[EXERCISE] The records below hold a stretch from the line with "finally show ?thesis ." through the line with "define K where"; return exactly those lines, ends included, and nothing more.

+ + + + +

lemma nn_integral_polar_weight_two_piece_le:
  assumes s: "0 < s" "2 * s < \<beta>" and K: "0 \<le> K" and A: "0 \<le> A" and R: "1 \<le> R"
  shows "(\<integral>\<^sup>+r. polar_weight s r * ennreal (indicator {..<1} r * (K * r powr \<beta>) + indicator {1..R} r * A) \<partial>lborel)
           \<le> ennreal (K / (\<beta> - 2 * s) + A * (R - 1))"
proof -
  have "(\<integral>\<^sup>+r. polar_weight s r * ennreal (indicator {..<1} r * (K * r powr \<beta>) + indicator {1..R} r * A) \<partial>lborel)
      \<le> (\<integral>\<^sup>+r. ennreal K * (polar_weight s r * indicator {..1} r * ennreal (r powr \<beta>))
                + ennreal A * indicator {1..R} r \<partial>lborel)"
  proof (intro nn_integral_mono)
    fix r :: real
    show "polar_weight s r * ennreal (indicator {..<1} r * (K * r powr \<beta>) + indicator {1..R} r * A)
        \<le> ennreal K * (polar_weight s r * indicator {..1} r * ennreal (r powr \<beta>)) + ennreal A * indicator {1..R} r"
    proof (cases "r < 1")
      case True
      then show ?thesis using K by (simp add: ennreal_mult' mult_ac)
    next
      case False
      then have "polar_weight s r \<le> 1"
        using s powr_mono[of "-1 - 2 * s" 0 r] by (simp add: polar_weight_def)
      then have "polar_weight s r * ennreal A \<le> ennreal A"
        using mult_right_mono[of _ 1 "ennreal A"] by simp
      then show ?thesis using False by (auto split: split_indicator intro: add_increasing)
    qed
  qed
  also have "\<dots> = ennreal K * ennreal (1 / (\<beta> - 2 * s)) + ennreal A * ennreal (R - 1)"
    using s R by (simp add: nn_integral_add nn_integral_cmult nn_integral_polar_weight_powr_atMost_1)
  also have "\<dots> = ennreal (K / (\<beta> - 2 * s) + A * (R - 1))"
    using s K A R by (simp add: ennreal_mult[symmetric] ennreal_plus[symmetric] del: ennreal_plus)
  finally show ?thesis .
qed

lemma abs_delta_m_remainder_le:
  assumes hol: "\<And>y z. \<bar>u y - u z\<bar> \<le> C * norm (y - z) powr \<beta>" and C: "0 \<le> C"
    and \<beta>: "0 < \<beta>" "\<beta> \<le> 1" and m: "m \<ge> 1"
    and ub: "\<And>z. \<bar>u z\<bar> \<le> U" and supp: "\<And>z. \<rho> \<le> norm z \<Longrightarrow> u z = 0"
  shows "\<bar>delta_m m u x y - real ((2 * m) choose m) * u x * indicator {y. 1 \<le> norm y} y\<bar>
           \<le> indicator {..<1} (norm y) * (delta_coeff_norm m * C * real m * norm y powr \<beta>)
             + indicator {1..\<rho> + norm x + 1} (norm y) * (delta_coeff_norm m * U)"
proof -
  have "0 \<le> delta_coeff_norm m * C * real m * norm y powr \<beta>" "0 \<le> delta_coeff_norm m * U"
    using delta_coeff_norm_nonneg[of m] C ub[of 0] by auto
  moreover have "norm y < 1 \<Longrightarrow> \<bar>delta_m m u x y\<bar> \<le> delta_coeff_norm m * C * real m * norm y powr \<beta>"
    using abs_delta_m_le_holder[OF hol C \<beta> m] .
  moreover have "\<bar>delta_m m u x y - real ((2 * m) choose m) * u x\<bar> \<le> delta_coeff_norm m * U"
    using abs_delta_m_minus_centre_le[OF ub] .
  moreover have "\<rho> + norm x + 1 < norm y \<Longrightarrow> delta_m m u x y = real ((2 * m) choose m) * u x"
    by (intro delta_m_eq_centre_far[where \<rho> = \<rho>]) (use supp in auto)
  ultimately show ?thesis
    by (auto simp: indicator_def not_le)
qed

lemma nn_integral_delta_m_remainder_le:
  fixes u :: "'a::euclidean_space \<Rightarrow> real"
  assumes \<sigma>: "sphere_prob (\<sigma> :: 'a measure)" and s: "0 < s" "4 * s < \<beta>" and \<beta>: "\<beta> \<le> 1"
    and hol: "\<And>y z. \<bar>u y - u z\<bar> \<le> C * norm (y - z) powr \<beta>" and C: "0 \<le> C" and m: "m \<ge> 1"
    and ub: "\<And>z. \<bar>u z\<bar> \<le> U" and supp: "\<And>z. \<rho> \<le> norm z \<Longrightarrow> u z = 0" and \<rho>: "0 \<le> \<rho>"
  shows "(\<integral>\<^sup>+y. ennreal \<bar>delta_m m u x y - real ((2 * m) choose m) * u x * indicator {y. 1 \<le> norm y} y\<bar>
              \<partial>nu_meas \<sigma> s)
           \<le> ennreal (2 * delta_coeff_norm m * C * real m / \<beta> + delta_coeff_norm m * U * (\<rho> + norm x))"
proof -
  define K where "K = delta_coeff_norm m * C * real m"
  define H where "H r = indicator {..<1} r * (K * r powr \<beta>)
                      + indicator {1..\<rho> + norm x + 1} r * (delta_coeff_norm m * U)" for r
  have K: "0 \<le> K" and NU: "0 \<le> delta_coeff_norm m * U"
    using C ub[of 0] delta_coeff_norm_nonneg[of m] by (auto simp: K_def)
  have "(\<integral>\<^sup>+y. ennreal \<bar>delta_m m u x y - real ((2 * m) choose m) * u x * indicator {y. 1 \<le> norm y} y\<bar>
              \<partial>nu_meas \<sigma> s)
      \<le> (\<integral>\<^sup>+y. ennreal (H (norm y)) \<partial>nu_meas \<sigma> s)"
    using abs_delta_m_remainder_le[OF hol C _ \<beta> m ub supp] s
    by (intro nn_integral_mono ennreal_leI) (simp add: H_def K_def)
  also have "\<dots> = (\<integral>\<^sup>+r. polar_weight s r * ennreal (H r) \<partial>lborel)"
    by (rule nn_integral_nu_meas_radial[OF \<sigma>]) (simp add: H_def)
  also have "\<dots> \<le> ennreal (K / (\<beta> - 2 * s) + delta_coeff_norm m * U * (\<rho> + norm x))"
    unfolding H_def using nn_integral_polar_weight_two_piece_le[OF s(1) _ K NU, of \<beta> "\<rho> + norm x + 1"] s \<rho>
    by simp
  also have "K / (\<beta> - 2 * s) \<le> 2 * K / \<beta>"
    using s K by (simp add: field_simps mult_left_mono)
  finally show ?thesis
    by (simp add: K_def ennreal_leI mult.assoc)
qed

+ + + + +

[WRITTEN SOLUTION]
  finally show ?thesis .
qed

lemma abs_delta_m_remainder_le:
  assumes hol: "\<And>y z. \<bar>u y - u z\<bar> \<le> C * norm (y - z) powr \<beta>" and C: "0 \<le> C"
    and \<beta>: "0 < \<beta>" "\<beta> \<le> 1" and m: "m \<ge> 1"
    and ub: "\<And>z. \<bar>u z\<bar> \<le> U" and supp: "\<And>z. \<rho> \<le> norm z \<Longrightarrow> u z = 0"
  shows "\<bar>delta_m m u x y - real ((2 * m) choose m) * u x * indicator {y. 1 \<le> norm y} y\<bar>
           \<le> indicator {..<1} (norm y) * (delta_coeff_norm m * C * real m * norm y powr \<beta>)
             + indicator {1..\<rho> + norm x + 1} (norm y) * (delta_coeff_norm m * U)"
proof -
  have "0 \<le> delta_coeff_norm m * C * real m * norm y powr \<beta>" "0 \<le> delta_coeff_norm m * U"
    using delta_coeff_norm_nonneg[of m] C ub[of 0] by auto
  moreover have "norm y < 1 \<Longrightarrow> \<bar>delta_m m u x y\<bar> \<le> delta_coeff_norm m * C * real m * norm y powr \<beta>"
    using abs_delta_m_le_holder[OF hol C \<beta> m] .
  moreover have "\<bar>delta_m m u x y - real ((2 * m) choose m) * u x\<bar> \<le> delta_coeff_norm m * U"
    using abs_delta_m_minus_centre_le[OF ub] .
  moreover have "\<rho> + norm x + 1 < norm y \<Longrightarrow> delta_m m u x y = real ((2 * m) choose m) * u x"
    by (intro delta_m_eq_centre_far[where \<rho> = \<rho>]) (use supp in auto)
  ultimately show ?thesis
    by (auto simp: indicator_def not_le)
qed

lemma nn_integral_delta_m_remainder_le:
  fixes u :: "'a::euclidean_space \<Rightarrow> real"
  assumes \<sigma>: "sphere_prob (\<sigma> :: 'a measure)" and s: "0 < s" "4 * s < \<beta>" and \<beta>: "\<beta> \<le> 1"
    and hol: "\<And>y z. \<bar>u y - u z\<bar> \<le> C * norm (y - z) powr \<beta>" and C: "0 \<le> C" and m: "m \<ge> 1"
    and ub: "\<And>z. \<bar>u z\<bar> \<le> U" and supp: "\<And>z. \<rho> \<le> norm z \<Longrightarrow> u z = 0" and \<rho>: "0 \<le> \<rho>"
  shows "(\<integral>\<^sup>+y. ennreal \<bar>delta_m m u x y - real ((2 * m) choose m) * u x * indicator {y. 1 \<le> norm y} y\<bar>
              \<partial>nu_meas \<sigma> s)
           \<le> ennreal (2 * delta_coeff_norm m * C * real m / \<beta> + delta_coeff_norm m * U * (\<rho> + norm x))"
proof -
  define K where "K = delta_coeff_norm m * C * real m"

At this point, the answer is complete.